WORK REQUIRED | Which lines run from the line with "exp (- (\<Sum>b\<in>Basis." through the line with "(- (norm (x" in the entries below? Print them exactly, both ends included, and nothing more.

Stored data |
-- Opening Marker --

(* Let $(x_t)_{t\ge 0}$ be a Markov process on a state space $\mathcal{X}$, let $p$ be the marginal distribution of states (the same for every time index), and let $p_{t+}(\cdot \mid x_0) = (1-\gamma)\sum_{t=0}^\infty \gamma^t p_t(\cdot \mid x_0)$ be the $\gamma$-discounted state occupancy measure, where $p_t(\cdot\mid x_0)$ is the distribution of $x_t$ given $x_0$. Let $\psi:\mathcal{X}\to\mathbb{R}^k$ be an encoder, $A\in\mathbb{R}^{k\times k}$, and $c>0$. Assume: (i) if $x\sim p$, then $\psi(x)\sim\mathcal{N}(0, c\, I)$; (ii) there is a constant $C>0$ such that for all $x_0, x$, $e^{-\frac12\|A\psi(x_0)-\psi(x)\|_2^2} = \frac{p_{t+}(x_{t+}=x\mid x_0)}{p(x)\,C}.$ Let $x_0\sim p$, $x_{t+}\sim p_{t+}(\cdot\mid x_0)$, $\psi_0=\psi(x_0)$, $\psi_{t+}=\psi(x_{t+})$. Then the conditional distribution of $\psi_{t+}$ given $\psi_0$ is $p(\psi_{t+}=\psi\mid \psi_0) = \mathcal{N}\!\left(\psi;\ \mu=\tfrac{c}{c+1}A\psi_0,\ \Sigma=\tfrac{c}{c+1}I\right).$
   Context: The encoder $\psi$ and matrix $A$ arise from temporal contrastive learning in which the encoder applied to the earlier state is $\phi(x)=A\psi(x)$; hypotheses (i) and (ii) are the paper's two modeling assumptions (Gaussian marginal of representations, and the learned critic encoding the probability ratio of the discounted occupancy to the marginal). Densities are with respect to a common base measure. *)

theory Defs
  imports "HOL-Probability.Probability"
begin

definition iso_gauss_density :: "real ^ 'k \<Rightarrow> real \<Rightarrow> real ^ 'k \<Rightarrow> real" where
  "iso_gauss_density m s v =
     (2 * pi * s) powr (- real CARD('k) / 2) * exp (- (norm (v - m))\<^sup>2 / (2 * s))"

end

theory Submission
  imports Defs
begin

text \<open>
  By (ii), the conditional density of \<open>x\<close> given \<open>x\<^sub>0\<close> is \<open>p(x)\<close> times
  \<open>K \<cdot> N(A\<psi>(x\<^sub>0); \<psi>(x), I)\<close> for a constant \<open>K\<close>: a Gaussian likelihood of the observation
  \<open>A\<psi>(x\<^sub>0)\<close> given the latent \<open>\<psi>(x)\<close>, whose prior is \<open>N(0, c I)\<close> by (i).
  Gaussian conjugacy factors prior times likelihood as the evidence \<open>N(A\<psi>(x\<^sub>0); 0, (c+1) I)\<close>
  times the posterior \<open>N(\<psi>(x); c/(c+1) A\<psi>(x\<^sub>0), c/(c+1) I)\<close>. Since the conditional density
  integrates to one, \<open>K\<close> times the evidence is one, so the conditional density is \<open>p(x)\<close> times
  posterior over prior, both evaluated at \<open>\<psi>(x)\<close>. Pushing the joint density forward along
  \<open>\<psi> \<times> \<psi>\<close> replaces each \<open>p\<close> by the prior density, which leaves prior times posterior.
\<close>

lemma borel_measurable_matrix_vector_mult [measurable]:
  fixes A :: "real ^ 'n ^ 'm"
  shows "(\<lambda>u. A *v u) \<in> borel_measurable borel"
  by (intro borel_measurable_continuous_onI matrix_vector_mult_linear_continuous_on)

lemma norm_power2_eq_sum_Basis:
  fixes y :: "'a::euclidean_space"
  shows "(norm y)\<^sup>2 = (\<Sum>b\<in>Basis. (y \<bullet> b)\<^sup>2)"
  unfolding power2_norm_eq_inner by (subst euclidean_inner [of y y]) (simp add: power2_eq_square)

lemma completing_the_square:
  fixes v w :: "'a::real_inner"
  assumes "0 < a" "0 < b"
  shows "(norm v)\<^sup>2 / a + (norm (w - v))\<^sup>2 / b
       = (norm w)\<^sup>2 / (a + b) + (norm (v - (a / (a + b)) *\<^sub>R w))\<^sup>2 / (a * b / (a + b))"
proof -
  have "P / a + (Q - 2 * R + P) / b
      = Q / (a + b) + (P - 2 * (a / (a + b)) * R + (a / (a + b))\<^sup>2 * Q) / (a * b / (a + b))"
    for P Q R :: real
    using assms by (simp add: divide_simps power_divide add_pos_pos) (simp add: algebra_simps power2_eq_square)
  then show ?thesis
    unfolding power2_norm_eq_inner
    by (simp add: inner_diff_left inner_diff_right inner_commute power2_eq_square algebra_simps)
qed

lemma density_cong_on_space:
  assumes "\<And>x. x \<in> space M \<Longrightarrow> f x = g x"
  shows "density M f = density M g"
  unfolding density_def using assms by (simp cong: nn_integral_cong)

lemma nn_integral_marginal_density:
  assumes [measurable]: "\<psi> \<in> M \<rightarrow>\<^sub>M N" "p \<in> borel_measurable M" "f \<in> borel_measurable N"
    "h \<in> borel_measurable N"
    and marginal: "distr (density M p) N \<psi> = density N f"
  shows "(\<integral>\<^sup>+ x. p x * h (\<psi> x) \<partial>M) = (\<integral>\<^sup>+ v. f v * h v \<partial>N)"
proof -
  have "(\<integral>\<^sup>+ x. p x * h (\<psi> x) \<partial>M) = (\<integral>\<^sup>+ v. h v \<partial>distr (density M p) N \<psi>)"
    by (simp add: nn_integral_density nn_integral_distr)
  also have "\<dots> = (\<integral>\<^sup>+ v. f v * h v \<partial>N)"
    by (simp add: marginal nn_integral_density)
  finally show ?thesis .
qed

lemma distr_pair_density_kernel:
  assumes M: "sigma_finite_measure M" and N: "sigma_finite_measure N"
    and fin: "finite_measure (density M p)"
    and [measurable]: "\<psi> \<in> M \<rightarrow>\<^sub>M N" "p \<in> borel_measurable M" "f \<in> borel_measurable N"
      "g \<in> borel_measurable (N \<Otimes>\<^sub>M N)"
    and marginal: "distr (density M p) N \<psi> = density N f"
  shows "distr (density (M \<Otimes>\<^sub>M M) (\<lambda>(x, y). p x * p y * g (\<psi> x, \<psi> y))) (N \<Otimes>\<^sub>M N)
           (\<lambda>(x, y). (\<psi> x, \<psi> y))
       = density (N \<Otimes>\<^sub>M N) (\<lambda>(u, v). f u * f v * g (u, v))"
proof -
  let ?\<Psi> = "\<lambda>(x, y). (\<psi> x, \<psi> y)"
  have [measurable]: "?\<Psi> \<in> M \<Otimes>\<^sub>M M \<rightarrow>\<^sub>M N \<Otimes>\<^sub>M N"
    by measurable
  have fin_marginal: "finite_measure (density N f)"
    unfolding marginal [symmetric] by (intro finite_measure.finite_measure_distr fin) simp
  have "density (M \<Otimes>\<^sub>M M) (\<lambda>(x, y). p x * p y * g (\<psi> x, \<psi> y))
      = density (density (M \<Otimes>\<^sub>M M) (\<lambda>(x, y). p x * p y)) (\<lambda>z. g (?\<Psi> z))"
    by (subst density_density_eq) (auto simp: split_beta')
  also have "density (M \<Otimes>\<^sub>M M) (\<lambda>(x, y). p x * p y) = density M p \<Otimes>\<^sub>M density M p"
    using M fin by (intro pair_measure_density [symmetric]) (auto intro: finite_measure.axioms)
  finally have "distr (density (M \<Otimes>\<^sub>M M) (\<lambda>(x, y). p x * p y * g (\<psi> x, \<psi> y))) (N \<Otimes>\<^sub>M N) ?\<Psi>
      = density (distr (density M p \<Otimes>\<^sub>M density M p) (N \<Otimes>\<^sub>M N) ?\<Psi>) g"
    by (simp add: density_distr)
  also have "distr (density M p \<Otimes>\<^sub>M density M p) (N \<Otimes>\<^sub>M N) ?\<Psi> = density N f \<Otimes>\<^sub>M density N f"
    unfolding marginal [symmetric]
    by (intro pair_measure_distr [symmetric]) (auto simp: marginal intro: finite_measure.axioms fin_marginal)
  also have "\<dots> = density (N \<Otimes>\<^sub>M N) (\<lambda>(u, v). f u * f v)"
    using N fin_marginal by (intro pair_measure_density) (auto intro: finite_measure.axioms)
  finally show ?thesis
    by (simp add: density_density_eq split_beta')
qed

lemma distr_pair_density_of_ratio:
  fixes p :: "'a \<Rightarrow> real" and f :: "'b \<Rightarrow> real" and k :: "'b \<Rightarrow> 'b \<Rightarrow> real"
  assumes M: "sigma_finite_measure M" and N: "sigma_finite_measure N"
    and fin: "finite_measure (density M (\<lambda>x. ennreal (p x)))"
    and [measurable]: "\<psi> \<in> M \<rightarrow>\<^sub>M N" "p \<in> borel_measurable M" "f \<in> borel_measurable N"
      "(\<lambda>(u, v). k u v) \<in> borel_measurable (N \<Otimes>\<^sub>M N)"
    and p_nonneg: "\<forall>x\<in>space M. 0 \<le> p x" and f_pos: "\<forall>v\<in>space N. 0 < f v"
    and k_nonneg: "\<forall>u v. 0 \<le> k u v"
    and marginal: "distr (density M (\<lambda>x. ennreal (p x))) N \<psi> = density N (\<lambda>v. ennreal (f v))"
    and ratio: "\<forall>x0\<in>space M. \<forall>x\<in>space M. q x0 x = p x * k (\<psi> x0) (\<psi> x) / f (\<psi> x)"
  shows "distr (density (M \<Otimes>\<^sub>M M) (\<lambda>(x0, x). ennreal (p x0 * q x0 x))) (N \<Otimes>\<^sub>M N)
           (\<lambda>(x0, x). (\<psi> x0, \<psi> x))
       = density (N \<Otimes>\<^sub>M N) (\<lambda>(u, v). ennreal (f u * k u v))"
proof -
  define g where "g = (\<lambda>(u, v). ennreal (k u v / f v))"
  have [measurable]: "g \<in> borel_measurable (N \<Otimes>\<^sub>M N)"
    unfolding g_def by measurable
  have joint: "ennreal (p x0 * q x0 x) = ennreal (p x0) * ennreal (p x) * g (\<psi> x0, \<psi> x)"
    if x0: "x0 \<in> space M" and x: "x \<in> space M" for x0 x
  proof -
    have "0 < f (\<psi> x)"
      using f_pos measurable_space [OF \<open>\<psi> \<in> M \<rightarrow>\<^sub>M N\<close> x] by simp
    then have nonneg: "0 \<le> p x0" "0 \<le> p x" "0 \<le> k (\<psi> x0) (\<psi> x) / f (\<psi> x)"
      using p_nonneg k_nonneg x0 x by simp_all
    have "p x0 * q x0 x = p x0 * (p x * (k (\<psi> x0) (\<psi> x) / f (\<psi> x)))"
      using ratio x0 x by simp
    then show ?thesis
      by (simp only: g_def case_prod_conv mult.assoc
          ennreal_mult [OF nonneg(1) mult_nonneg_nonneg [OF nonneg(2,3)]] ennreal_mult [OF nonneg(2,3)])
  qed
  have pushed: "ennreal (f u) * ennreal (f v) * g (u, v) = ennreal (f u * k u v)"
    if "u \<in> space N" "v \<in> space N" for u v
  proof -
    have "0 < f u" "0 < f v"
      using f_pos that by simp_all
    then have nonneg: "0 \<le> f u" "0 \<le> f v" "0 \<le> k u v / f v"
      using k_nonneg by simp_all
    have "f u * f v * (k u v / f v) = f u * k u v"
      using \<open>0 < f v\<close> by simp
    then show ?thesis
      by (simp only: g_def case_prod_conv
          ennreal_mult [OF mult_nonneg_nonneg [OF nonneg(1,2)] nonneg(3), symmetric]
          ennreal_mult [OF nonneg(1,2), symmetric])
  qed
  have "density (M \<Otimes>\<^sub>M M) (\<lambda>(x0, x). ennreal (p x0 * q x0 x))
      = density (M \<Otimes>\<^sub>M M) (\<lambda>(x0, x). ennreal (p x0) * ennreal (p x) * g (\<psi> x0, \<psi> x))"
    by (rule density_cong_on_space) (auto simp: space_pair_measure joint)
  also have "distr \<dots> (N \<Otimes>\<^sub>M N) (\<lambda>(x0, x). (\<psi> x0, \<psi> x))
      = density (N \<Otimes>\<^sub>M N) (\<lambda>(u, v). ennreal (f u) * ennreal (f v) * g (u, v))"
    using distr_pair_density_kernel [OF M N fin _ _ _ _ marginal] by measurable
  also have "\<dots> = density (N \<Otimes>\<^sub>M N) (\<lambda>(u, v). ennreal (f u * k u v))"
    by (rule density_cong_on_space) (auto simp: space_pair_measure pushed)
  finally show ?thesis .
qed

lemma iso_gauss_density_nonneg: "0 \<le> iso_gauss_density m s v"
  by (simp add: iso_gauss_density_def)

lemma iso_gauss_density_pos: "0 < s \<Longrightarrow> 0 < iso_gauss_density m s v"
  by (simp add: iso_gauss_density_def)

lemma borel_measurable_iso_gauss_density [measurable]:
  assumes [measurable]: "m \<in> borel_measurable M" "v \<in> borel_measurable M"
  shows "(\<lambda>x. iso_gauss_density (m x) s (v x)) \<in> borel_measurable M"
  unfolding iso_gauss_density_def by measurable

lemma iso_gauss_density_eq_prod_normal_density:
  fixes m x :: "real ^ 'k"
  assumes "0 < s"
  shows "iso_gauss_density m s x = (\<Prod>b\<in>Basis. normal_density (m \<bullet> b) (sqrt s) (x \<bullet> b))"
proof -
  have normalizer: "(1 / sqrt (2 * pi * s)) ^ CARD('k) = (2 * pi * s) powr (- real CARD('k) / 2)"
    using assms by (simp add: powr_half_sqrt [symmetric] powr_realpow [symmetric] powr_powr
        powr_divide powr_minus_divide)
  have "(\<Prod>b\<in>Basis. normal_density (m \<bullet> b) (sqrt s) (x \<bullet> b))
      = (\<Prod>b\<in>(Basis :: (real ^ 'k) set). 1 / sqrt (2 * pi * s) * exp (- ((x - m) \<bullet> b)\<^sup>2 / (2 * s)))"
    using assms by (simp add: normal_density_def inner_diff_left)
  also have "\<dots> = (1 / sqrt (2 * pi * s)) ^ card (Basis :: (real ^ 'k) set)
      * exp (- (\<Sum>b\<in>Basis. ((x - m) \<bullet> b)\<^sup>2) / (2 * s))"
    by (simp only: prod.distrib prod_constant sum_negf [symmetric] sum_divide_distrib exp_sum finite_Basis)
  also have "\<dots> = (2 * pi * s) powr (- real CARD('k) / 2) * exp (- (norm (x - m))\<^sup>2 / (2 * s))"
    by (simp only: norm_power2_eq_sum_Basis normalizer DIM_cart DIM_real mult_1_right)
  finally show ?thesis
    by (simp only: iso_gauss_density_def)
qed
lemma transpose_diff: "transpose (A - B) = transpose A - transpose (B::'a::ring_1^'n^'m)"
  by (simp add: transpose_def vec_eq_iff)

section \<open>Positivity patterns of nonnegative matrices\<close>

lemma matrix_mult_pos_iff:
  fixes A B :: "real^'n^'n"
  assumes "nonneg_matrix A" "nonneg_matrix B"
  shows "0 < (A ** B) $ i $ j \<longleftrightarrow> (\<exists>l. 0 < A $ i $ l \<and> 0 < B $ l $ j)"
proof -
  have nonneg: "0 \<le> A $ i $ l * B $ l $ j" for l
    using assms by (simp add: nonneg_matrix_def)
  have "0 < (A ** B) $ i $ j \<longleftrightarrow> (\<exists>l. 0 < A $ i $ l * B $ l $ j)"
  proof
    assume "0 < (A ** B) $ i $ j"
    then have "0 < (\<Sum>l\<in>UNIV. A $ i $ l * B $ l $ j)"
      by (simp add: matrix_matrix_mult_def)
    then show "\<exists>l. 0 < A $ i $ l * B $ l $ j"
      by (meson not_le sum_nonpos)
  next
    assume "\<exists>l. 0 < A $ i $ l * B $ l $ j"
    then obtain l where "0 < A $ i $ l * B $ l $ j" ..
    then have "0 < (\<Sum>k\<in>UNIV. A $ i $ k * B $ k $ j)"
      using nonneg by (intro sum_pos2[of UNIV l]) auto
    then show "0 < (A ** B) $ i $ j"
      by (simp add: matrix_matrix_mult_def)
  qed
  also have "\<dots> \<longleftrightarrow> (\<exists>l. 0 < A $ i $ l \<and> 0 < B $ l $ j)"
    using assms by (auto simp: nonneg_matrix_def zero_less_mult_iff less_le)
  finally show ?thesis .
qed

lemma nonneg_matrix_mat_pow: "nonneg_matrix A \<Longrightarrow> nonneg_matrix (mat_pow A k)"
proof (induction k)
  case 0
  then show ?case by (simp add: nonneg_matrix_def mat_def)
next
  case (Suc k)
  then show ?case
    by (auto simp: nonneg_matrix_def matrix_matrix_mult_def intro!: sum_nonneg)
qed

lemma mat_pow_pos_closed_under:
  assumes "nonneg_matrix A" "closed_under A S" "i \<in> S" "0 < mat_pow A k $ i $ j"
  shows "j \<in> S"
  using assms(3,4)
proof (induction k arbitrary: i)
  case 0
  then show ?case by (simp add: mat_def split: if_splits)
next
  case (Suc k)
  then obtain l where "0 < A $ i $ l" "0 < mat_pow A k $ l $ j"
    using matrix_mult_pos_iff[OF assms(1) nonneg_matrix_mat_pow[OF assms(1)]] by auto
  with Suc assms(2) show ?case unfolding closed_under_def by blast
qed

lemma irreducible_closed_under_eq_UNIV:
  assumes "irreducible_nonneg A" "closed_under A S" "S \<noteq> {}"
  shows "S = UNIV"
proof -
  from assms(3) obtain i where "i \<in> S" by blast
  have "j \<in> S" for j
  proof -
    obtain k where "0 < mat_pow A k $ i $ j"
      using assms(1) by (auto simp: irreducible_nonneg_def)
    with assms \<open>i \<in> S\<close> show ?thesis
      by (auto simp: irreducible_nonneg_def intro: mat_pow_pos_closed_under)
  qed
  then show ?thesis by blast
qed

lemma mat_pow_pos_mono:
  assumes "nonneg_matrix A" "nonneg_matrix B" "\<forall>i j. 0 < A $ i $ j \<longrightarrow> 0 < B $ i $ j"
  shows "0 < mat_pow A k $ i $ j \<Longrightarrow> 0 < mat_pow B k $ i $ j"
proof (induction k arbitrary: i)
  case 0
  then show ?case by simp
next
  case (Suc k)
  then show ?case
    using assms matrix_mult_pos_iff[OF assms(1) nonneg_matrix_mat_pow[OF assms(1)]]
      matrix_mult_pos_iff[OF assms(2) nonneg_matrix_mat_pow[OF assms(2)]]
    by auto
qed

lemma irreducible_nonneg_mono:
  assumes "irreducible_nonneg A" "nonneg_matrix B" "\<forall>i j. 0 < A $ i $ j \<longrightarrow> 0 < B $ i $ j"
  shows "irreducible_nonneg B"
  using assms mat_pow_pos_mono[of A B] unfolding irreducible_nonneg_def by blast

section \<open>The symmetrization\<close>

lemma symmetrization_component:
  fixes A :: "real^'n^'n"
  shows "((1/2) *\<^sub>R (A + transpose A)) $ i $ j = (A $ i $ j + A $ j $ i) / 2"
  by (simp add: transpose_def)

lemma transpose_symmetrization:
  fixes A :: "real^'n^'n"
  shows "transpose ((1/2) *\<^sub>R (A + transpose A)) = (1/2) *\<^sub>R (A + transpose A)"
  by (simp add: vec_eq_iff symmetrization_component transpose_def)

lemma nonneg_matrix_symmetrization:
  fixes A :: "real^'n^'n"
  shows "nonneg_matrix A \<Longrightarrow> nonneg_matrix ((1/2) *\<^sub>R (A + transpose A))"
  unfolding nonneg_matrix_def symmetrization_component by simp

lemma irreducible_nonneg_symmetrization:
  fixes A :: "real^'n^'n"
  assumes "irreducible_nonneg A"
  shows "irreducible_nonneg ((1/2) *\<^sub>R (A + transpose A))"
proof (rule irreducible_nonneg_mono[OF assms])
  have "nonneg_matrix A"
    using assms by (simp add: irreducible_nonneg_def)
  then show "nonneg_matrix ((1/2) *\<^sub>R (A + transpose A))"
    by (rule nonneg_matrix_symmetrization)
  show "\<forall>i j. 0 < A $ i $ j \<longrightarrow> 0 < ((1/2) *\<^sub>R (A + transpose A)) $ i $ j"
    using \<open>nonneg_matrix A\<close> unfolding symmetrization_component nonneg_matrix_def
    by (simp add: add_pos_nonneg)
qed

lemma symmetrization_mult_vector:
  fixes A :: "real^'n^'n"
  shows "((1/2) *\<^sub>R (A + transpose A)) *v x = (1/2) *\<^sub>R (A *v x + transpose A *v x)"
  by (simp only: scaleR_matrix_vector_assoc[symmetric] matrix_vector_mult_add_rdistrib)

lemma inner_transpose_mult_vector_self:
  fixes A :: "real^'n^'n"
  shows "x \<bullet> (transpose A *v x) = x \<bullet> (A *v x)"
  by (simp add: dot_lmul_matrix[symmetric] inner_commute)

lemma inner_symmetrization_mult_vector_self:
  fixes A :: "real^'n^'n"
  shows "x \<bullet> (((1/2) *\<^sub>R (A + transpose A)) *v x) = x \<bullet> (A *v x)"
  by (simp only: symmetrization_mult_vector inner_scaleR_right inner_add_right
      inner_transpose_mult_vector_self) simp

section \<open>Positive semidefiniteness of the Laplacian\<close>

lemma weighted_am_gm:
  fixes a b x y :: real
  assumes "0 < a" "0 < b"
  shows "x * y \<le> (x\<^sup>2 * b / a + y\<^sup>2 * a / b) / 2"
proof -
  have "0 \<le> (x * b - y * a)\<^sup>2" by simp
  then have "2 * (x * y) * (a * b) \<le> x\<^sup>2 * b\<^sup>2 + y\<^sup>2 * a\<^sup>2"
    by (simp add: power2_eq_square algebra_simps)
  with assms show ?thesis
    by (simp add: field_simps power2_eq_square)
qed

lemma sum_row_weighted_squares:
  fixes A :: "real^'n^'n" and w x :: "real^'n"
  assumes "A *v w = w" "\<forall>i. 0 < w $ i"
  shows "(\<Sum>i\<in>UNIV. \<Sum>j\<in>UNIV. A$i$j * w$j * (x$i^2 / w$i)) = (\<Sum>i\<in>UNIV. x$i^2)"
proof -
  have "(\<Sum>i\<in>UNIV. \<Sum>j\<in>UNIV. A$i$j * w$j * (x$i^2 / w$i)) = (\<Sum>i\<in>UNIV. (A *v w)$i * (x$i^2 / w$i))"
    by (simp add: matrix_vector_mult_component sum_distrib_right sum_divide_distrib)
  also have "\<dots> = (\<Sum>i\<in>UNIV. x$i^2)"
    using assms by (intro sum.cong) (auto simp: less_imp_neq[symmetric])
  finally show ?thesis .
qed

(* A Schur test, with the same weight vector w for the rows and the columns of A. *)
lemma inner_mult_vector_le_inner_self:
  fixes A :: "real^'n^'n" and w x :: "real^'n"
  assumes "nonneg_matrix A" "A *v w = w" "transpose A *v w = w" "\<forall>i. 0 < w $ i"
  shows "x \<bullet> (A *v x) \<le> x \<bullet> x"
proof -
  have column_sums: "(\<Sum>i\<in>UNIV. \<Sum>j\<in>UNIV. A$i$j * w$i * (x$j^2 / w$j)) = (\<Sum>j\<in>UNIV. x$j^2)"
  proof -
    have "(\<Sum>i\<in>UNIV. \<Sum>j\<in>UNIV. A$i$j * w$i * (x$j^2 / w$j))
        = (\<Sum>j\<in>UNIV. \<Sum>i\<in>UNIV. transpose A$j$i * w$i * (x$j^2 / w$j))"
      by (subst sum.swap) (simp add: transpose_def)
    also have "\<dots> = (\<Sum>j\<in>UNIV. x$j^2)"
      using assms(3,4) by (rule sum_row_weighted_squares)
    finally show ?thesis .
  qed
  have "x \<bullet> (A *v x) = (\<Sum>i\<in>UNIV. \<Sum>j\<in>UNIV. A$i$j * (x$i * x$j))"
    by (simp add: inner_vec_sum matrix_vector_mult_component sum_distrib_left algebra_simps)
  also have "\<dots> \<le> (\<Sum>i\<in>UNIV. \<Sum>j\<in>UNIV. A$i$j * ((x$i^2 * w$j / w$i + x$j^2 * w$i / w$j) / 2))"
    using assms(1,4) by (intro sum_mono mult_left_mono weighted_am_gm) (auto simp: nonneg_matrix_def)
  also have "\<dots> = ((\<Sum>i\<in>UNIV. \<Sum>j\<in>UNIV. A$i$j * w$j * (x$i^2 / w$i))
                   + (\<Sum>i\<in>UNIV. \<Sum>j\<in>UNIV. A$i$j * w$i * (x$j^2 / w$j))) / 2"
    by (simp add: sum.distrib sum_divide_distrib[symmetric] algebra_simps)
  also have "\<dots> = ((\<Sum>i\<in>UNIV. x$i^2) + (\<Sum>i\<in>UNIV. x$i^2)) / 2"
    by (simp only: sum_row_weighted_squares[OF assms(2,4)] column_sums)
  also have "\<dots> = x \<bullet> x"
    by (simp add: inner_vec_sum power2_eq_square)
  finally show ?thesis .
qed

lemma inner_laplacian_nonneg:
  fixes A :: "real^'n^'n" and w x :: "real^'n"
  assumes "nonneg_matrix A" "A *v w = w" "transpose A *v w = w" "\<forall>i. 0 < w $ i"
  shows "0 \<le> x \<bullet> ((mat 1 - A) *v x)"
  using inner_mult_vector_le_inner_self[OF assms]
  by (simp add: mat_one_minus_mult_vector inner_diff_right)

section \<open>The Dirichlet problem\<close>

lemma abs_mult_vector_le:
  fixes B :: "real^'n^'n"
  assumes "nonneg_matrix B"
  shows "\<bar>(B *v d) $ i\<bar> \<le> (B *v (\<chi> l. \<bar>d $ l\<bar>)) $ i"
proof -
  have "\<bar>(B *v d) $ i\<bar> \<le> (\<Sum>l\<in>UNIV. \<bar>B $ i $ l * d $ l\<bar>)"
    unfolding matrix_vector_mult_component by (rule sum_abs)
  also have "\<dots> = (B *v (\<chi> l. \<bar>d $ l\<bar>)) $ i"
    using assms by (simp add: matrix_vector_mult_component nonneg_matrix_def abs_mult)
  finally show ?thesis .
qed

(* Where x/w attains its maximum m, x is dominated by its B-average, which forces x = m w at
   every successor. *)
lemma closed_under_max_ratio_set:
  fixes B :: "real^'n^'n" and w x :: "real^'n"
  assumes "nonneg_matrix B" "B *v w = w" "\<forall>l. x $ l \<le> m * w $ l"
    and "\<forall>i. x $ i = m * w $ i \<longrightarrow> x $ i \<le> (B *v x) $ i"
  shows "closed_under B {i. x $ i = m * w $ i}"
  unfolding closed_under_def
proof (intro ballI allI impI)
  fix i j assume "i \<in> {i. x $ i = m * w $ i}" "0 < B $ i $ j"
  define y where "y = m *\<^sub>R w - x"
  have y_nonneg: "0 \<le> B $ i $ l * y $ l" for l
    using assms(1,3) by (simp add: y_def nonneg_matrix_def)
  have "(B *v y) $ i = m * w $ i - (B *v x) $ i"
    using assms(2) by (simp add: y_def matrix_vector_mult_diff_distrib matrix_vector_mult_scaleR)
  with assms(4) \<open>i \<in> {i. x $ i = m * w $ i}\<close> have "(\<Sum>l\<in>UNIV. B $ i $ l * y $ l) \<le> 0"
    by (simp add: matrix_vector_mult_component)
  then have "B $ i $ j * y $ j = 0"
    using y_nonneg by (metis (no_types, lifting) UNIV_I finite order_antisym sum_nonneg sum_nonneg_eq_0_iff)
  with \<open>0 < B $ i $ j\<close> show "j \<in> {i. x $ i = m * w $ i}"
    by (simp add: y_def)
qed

-- Closing Marker --

SOLUTION |
      * exp (- (\<Sum>b\<in>Basis. ((x - m) \<bullet> b)\<^sup>2) / (2 * s))"
    by (simp only: prod.distrib prod_constant sum_negf [symmetric] sum_divide_distrib exp_sum finite_Basis)
  also have "\<dots> = (2 * pi * s) powr (- real CARD('k) / 2) * exp (- (norm (x - m))\<^sup>2 / (2 * s))"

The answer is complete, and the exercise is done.